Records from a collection
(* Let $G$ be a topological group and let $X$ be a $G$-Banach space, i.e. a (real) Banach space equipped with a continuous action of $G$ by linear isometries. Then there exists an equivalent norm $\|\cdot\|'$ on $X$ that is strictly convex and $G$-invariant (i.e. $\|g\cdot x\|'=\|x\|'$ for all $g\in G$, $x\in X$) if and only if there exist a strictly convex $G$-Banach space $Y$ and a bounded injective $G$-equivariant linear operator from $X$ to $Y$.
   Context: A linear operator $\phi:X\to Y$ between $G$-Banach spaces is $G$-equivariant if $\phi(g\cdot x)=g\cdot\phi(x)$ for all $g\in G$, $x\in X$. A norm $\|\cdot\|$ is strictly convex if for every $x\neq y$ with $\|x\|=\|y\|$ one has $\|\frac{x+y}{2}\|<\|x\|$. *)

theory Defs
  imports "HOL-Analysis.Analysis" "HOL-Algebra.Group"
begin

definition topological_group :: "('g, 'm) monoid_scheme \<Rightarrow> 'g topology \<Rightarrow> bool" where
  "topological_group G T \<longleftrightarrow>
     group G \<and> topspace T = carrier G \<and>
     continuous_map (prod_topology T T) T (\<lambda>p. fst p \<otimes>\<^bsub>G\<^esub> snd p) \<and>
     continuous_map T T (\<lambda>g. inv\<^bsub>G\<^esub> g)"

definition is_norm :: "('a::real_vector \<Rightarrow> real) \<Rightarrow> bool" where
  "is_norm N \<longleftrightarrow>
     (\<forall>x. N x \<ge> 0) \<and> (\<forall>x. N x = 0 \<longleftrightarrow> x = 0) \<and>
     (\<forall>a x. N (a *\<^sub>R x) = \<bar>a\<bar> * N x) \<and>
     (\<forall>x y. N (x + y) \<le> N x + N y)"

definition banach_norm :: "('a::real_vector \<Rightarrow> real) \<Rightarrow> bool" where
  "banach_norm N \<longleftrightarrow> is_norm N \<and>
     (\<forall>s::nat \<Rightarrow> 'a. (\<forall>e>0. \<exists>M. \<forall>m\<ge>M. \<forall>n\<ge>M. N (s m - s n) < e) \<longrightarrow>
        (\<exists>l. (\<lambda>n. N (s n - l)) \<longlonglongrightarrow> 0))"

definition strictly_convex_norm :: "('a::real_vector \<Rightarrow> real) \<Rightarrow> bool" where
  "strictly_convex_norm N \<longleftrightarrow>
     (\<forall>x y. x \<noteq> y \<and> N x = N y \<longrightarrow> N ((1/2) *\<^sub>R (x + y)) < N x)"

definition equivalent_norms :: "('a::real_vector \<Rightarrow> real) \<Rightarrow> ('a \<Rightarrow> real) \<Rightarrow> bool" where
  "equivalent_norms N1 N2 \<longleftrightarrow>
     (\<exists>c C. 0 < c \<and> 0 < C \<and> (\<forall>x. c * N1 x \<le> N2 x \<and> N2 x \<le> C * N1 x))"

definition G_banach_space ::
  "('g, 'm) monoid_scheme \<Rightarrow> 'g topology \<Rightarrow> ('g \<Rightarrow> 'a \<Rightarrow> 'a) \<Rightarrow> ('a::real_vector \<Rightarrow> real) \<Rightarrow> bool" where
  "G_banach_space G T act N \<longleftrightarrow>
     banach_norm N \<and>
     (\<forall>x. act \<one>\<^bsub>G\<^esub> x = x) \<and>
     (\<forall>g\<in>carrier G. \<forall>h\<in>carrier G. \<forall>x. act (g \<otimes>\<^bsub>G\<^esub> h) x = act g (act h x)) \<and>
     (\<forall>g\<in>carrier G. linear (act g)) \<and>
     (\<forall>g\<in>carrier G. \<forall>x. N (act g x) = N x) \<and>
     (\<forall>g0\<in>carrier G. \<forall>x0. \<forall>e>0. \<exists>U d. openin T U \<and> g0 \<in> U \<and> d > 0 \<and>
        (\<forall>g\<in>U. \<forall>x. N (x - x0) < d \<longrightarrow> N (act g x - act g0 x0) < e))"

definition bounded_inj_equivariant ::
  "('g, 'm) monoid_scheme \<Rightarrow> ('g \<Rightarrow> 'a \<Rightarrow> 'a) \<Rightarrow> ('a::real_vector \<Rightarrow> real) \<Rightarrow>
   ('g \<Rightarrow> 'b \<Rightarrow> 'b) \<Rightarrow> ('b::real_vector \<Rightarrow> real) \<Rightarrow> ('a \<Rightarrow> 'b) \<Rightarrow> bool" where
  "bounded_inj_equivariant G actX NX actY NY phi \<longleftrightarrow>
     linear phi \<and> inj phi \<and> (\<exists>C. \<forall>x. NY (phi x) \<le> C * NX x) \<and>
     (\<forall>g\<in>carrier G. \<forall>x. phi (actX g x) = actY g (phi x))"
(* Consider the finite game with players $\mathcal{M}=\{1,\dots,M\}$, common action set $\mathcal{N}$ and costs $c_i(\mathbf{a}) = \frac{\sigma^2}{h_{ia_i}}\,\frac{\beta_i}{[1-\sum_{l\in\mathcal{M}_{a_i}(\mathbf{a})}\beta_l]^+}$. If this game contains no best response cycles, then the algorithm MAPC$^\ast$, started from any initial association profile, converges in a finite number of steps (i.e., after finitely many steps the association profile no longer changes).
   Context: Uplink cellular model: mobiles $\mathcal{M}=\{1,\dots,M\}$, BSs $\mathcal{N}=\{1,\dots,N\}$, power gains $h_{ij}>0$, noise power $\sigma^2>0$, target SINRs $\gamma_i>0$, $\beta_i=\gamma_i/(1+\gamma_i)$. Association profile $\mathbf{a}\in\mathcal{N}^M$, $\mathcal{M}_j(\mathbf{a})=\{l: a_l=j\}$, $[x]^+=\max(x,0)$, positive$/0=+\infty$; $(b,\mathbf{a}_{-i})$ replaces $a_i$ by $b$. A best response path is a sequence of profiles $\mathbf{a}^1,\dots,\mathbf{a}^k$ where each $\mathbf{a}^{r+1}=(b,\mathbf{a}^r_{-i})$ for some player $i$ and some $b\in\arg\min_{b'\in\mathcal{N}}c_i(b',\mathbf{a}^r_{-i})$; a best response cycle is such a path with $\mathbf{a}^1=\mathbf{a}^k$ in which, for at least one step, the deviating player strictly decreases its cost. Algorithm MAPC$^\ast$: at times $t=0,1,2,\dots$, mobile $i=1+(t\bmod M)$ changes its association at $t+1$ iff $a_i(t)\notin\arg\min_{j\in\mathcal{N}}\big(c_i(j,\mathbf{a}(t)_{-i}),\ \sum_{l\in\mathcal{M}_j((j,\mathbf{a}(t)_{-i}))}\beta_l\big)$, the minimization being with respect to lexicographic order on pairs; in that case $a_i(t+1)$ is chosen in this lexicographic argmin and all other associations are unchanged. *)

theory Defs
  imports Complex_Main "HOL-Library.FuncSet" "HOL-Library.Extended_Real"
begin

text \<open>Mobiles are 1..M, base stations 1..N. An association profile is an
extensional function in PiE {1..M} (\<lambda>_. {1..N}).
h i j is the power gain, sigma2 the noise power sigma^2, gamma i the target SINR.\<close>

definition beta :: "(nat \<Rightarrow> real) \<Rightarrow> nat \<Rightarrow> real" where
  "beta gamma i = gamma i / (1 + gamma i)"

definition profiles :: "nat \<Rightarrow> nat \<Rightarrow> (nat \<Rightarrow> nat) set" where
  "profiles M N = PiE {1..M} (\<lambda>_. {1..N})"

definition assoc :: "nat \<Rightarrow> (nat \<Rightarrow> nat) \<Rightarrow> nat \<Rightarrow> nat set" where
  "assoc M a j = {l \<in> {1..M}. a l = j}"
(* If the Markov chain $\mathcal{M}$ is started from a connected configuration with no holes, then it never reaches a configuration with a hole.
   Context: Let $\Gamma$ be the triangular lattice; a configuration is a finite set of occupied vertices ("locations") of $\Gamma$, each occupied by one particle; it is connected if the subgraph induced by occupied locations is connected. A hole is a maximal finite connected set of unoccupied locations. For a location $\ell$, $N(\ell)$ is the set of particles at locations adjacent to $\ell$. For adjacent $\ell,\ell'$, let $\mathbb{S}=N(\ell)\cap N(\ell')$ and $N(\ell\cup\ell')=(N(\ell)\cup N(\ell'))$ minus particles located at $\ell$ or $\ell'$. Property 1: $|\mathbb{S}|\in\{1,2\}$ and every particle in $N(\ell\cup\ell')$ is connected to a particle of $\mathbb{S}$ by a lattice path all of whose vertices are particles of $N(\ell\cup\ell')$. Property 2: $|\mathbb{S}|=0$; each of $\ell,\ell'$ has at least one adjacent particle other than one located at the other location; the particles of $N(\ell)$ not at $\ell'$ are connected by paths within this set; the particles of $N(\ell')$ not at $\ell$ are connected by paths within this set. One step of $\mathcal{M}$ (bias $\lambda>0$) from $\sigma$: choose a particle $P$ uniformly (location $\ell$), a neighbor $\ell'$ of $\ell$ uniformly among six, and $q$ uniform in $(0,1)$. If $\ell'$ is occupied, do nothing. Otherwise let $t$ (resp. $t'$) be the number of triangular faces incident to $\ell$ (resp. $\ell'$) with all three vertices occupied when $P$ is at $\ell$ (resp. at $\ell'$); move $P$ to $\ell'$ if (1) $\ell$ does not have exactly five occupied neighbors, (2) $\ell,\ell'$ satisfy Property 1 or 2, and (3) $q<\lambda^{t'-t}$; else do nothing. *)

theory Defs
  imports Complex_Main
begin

**EXERCISE DESCRIPTION**
Note down each line above where the word "otimes" occurs.

**WRITTEN REPLY**
     continuous_map (prod_topology T T) T (\<lambda>p. fst p \<otimes>\<^bsub>G\<^esub> snd p) \<and>
     (\<forall>g\<in>carrier G. \<forall>h\<in>carrier G. \<forall>x. act (g \<otimes>\<^bsub>G\<^esub> h) x = act g (act h x)) \<and>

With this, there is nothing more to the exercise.